Power Series: Question about constants

[Saladsamurai]

Homework Statement

So I have attached the problem in image:

Pr and A are just numbers (constants) that are given. I solved the equation by power series solution. However, I am just confused because it is a second order DE but I only have one arbitrary constant of integration a_o. I am not sure where I went wrong? Should I have defined BOTH a₀ and a₁ to be arbitrary? I never got the hang of the little details with series solutions; perhaps I can get some input on this.

Thanks

Also, I would be interested to hear any other ideas about ways to solve this equation, but my power series question is my main concern.

 

[Mark44]

I didn't look very closely, but it looks like you're on the right track. Since your equation is second order, you will have two arbitrary constants, which in your case are a₀ and a₃. Problems like this have two initial conditions y(x₀) = y₀, and y'(x₀) = y₁. Since your series is a Maclaurin series, x₀ = 0.

 

[LCKurtz]

Look at the step where you change the index so it starts at n = -2. The other two sums start at n = 0 so they can't be grouped in the sum at that step.
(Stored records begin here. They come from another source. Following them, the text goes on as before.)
(* Let $\theta:\Omega A\to\Omega B$ be a map of differential graded algebras, let $M$ be a right $A$-module and $\nabla_0:\mathrm{Hom}_A(\Omega^1A,M)\to M$ a hom-connection. View $B$ and $\Omega^1B$ as $A$-bimodules via $\theta$, regard $\mathrm{Hom}_A(B,M)$ as a right $B$-module by $(gb)(b')=g(bb')$, and identify $\mathrm{Hom}_B(\Omega^1B,\mathrm{Hom}_A(B,M))\cong\mathrm{Hom}_A(\Omega^1B,M)$ via $f\mapsto(\omega\mapsto f(\omega)(1))$. For $b\in B$ let $\ell_b:\Omega^1B\to\Omega^1B$, $\omega\mapsto b\omega$. Then the formula $$\nabla_0^\theta(f)(b):=\nabla_0(f\circ\ell_b\circ\theta)-f(db),\qquad f\in\mathrm{Hom}_A(\Omega^1B,M),\ b\in B,$$ (where $f\circ\ell_b\circ\theta$ is restricted to $\Omega^1A$) defines a hom-connection $\nabla^\theta_0:\mathrm{Hom}_B(\Omega^1B,\mathrm{Hom}_A(B,M))\to\mathrm{Hom}_A(B,M)$ on the right $B$-module $\mathrm{Hom}_A(B,M)$ with respect to $\Omega B$.
   Context: All algebras are associative and unital over a field $k$. A differential graded algebra $\Omega A=\bigoplus_{n\ge0}\Omega^nA$ over $A=\Omega^0A$ has a degree-one differential $d$ with $d^2=0$ satisfying the graded Leibniz rule; a map of differential graded algebras is a degree-preserving unital algebra map commuting with the differentials. $\mathrm{Hom}_A$ denotes right $A$-linear maps. For a right $A$-module $P$, $\mathrm{Hom}_A(\Omega^1A,P)$ is a right $A$-module via $(fa)(\omega)=f(a\omega)$. A (right) hom-connection on $P$ with respect to $\Omega A$ is a $k$-linear map $\nabla_0:\mathrm{Hom}_A(\Omega^1A,P)\to P$ with $\nabla_0(fa)=\nabla_0(f)a+f(da)$ for all $f$ and $a\in A$; analogously for right $B$-modules with respect to $\Omega B$. *)

theory Defs
  imports Main "HOL-Library.Function_Algebras"
begin

text \<open>The whole algebra
  Omega A is the type 'w (a ring); sm is the k-scalar action, Om n is the degree-n
  piece Omega^n A, and d the differential.  Omega A is the internal direct sum of
  the Om n; A = Om 0.\<close>
definition dga :: "('k::field \<Rightarrow> 'w::ring_1 \<Rightarrow> 'w) \<Rightarrow> (nat \<Rightarrow> 'w set) \<Rightarrow> ('w \<Rightarrow> 'w) \<Rightarrow> bool" where
  "dga sm Om d \<longleftrightarrow>
     \<comment> \<open>associative unital k-algebra\<close>
     (\<forall>c x y. sm c (x + y) = sm c x + sm c y) \<and>
     (\<forall>c e x. sm (c + e) x = sm c x + sm e x) \<and>
     (\<forall>c e x. sm (c * e) x = sm c (sm e x)) \<and>
     (\<forall>x. sm 1 x = x) \<and>
     (\<forall>c x y. sm c (x * y) = sm c x * y \<and> sm c (x * y) = x * sm c y) \<and>
     \<comment> \<open>grading: k-subspaces, multiplicative, unit in degree 0, direct sum\<close>
     (\<forall>n. 0 \<in> Om n \<and> (\<forall>x\<in>Om n. \<forall>y\<in>Om n. x + y \<in> Om n) \<and> (\<forall>c. \<forall>x\<in>Om n. sm c x \<in> Om n)) \<and>
     (\<forall>m n. \<forall>x\<in>Om m. \<forall>y\<in>Om n. x * y \<in> Om (m + n)) \<and>
     1 \<in> Om 0 \<and>
     (\<forall>x. \<exists>!c::nat \<Rightarrow> 'w. finite {n. c n \<noteq> 0} \<and> (\<forall>n. c n \<in> Om n) \<and>
            x = (\<Sum>n\<in>{n. c n \<noteq> 0}. c n)) \<and>
     \<comment> \<open>differential: k-linear, degree one, square zero, graded Leibniz rule\<close>
     (\<forall>x y. d (x + y) = d x + d y) \<and>
     (\<forall>c x. d (sm c x) = sm c (d x)) \<and>
     (\<forall>n. \<forall>x\<in>Om n. d x \<in> Om (Suc n)) \<and>
     (\<forall>x. d (d x) = 0) \<and>
     (\<forall>n. \<forall>x\<in>Om n. \<forall>y. d (x * y) = d x * y + (-1) ^ n * x * d y)"

definition dga_map ::
  "('k::field \<Rightarrow> 'w::ring_1 \<Rightarrow> 'w) \<Rightarrow> (nat \<Rightarrow> 'w set) \<Rightarrow> ('w \<Rightarrow> 'w) \<Rightarrow>
   ('k \<Rightarrow> 'v::ring_1 \<Rightarrow> 'v) \<Rightarrow> (nat \<Rightarrow> 'v set) \<Rightarrow> ('v \<Rightarrow> 'v) \<Rightarrow> ('w \<Rightarrow> 'v) \<Rightarrow> bool" where
  "dga_map smA OmA dA smB OmB dB th \<longleftrightarrow>
     (\<forall>x y. th (x + y) = th x + th y) \<and>
     (\<forall>c x. th (smA c x) = smB c (th x)) \<and>
     (\<forall>x y. th (x * y) = th x * th y) \<and>
     th 1 = 1 \<and>
     (\<forall>n. \<forall>x\<in>OmA n. th x \<in> OmB n) \<and>
     (\<forall>x. th (dA x) = dB (th x))"

definition right_module :: "'w::ring_1 set \<Rightarrow> ('m::ab_group_add \<Rightarrow> 'w \<Rightarrow> 'm) \<Rightarrow> bool" where
  "right_module R act \<longleftrightarrow>
     (\<forall>m m'. \<forall>a\<in>R. act (m + m') a = act m a + act m' a) \<and>
     (\<forall>m. \<forall>a\<in>R. \<forall>a'\<in>R. act m (a + a') = act m a + act m a') \<and>
     (\<forall>m. \<forall>a\<in>R. \<forall>a'\<in>R. act m (a * a') = act (act m a) a') \<and>
     (\<forall>m. act m 1 = m)"

text \<open>Hom_R(N, P): right R-linear maps from the module with carrier N (action actN)
  to the module with carrier P (action actP); maps are taken extensional
  (zero outside N) so that they are determined by their values on N.\<close>
definition homR ::
  "'w set \<Rightarrow> 'n::ab_group_add set \<Rightarrow> ('n \<Rightarrow> 'w \<Rightarrow> 'n) \<Rightarrow>
   'p::ab_group_add set \<Rightarrow> ('p \<Rightarrow> 'w \<Rightarrow> 'p) \<Rightarrow> ('n \<Rightarrow> 'p) set" where
  "homR R N actN P actP =
     {f. (\<forall>x\<in>N. f x \<in> P) \<and>
         (\<forall>x\<in>N. \<forall>y\<in>N. f (x + y) = f x + f y) \<and>
         (\<forall>x\<in>N. \<forall>a\<in>R. f (actN x a) = actP (f x) a) \<and>
         (\<forall>x. x \<notin> N \<longrightarrow> f x = 0)}"

text \<open>Hom(Omega^1, P) is a right module via
  (f a)(w) = f(a w); its k-structure is via c |-> c 1 in Omega^0.\<close>
definition hom_connection ::
  "('k::field \<Rightarrow> 'w::ring_1 \<Rightarrow> 'w) \<Rightarrow> (nat \<Rightarrow> 'w set) \<Rightarrow> ('w \<Rightarrow> 'w) \<Rightarrow>
   'p::ab_group_add set \<Rightarrow> ('p \<Rightarrow> 'w \<Rightarrow> 'p) \<Rightarrow> (('w \<Rightarrow> 'p) \<Rightarrow> 'p) \<Rightarrow> bool" where
  "hom_connection sm Om d P actP nab \<longleftrightarrow>
     (let H = homR (Om 0) (Om 1) (\<lambda>w a. w * a) P actP in
       (\<forall>f\<in>H. nab f \<in> P) \<and>
       (\<forall>f\<in>H. \<forall>g\<in>H. nab (f + g) = nab f + nab g) \<and>
       (\<forall>c. \<forall>f\<in>H. nab (\<lambda>w. actP (f w) (sm c 1)) = actP (nab f) (sm c 1)) \<and>
       (\<forall>f\<in>H. \<forall>a\<in>Om 0.
          nab (\<lambda>w. if w \<in> Om 1 then f (a * w) else 0) = actP (nab f) a + f (d a)))"

definition homAB_act :: "'v::ring_1 set \<Rightarrow> ('v \<Rightarrow> 'm::ab_group_add) \<Rightarrow> 'v \<Rightarrow> ('v \<Rightarrow> 'm)" where
  "homAB_act B g b = (\<lambda>b'. if b' \<in> B then g (b * b') else 0)"

definition ident :: "('v::ring_1 \<Rightarrow> 'v \<Rightarrow> 'm) \<Rightarrow> ('v \<Rightarrow> 'm)" where
  "ident F = (\<lambda>w. F w 1)"

definition nabla_theta ::
  "(nat \<Rightarrow> 'w::ring_1 set) \<Rightarrow> (nat \<Rightarrow> 'v::ring_1 set) \<Rightarrow> ('v \<Rightarrow> 'v) \<Rightarrow> ('w \<Rightarrow> 'v) \<Rightarrow>
   (('w \<Rightarrow> 'm::ab_group_add) \<Rightarrow> 'm) \<Rightarrow> ('v \<Rightarrow> 'm) \<Rightarrow> ('v \<Rightarrow> 'm)" where
  "nabla_theta OmA OmB dB th nab0 f =
     (\<lambda>b. if b \<in> OmB 0
          then nab0 (\<lambda>w. if w \<in> OmA 1 then f (b * th w) else 0) - f (dB b)
          else 0)"

end

theory Submission
  imports Defs
begin

(* For F in Hom_B(Omega^1 B, Hom_A(B,M)) let f = ident F, i.e. f(w) = F w 1.  Since f is
   right A-linear through theta, the form f o l_b o theta lies in Hom_A(Omega^1 A, M), so
   nabla0 applies to it, and each hom-connection axiom for nabla^theta reduces to the same
   axiom for nabla0.  For A-linearity, the Leibniz rule in Omega B splits f(d(b theta(a)))
   into f(db) a + f(b d(theta a)); the first summand is absorbed by A-linearity of f, and
   since d(theta a) = theta(da) the second is (f o l_b o theta)(da), which cancels the extra
   term produced by the Leibniz rule of nabla0.  The Leibniz rule over B comes in the same
   way from d(b' b) = (db') b + b' db. *)

lemma dga_algebra_axioms:
  assumes "dga sm Om d"
  shows "(\<forall>c x y. sm c (x * y) = sm c x * y \<and> sm c (x * y) = x * sm c y) \<and>
    (\<forall>n. 0 \<in> Om n \<and> (\<forall>x\<in>Om n. \<forall>y\<in>Om n. x + y \<in> Om n) \<and> (\<forall>c. \<forall>x\<in>Om n. sm c x \<in> Om n)) \<and>
    (\<forall>m n. \<forall>x\<in>Om m. \<forall>y\<in>Om n. x * y \<in> Om (m + n)) \<and> 1 \<in> Om 0 \<and>
    (\<forall>x y. d (x + y) = d x + d y) \<and> (\<forall>c x. d (sm c x) = sm c (d x)) \<and>
    (\<forall>n. \<forall>x\<in>Om n. d x \<in> Om (Suc n)) \<and>
    (\<forall>n. \<forall>x\<in>Om n. \<forall>y. d (x * y) = d x * y + (-1) ^ n * x * d y)"
  using assms unfolding dga_def by (elim conjE) (intro conjI; assumption)

lemma dga_add_closed: "dga sm Om d \<Longrightarrow> x \<in> Om n \<Longrightarrow> y \<in> Om n \<Longrightarrow> x + y \<in> Om n"
  using dga_algebra_axioms[of sm Om d] by blast

lemma dga_mult_closed: "dga sm Om d \<Longrightarrow> x \<in> Om m \<Longrightarrow> y \<in> Om n \<Longrightarrow> x * y \<in> Om (m + n)"
  using dga_algebra_axioms[of sm Om d] by blast

lemma dga_mult_closed_0_1: "dga sm Om d \<Longrightarrow> x \<in> Om 0 \<Longrightarrow> y \<in> Om 1 \<Longrightarrow> x * y \<in> Om 1"
  using dga_mult_closed[of sm Om d x 0 y 1] by simp

lemma dga_mult_closed_1_0: "dga sm Om d \<Longrightarrow> x \<in> Om 1 \<Longrightarrow> y \<in> Om 0 \<Longrightarrow> x * y \<in> Om 1"
  using dga_mult_closed[of sm Om d x 1 y 0] by simp

lemma dga_mult_closed_0_0: "dga sm Om d \<Longrightarrow> x \<in> Om 0 \<Longrightarrow> y \<in> Om 0 \<Longrightarrow> x * y \<in> Om 0"
  using dga_mult_closed[of sm Om d x 0 y 0] by simp

lemma dga_one_mem: "dga sm Om d \<Longrightarrow> 1 \<in> Om 0"
  using dga_algebra_axioms[of sm Om d] by blast

lemma dga_scalar_one_mem: "dga sm Om d \<Longrightarrow> sm c 1 \<in> Om 0"
  using dga_algebra_axioms[of sm Om d] by blast

lemma dga_scalar_eq_mult_left: "dga sm Om d \<Longrightarrow> sm c x = sm c 1 * x"
  using dga_algebra_axioms[of sm Om d] by (metis mult_1_left)

lemma dga_scalar_eq_mult_right: "dga sm Om d \<Longrightarrow> sm c x = x * sm c 1"
  using dga_algebra_axioms[of sm Om d] by (metis mult_1_right)

lemma dga_d_add: "dga sm Om d \<Longrightarrow> d (x + y) = d x + d y"
  using dga_algebra_axioms[of sm Om d] by blast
Furthermore, n = -1 and n = -2 don't give anything in the first sum and n= 0 doesn't give anything in the second. So write that step:

$$\sum_{n=0}^\infty(n+1)(n+2)a_{n+2}x^n+A\sum_{n=1}^{\infty}na_nx^n<br /> -A\sum_{n=0}^\infty a_nx^n$$

Now n = 0 will give a₂ in terms of a₀ and n = 1 will give a₃ in terms of a₁, with a₀ and a₁ arbitrary.

 

[Saladsamurai]

Sweet! I went through it again and got a0 and a1 as my arbitrary constants. Out of curiosity, anyone see another way to solve this? I was thinking that if we divide through by y' we would have:

y"/y' + Ax - Ay/y' = 0

Now the first term can be written ln[y']'. If I could write the last term in a similar fashion (i.e. as a derivative), I could integrate directly.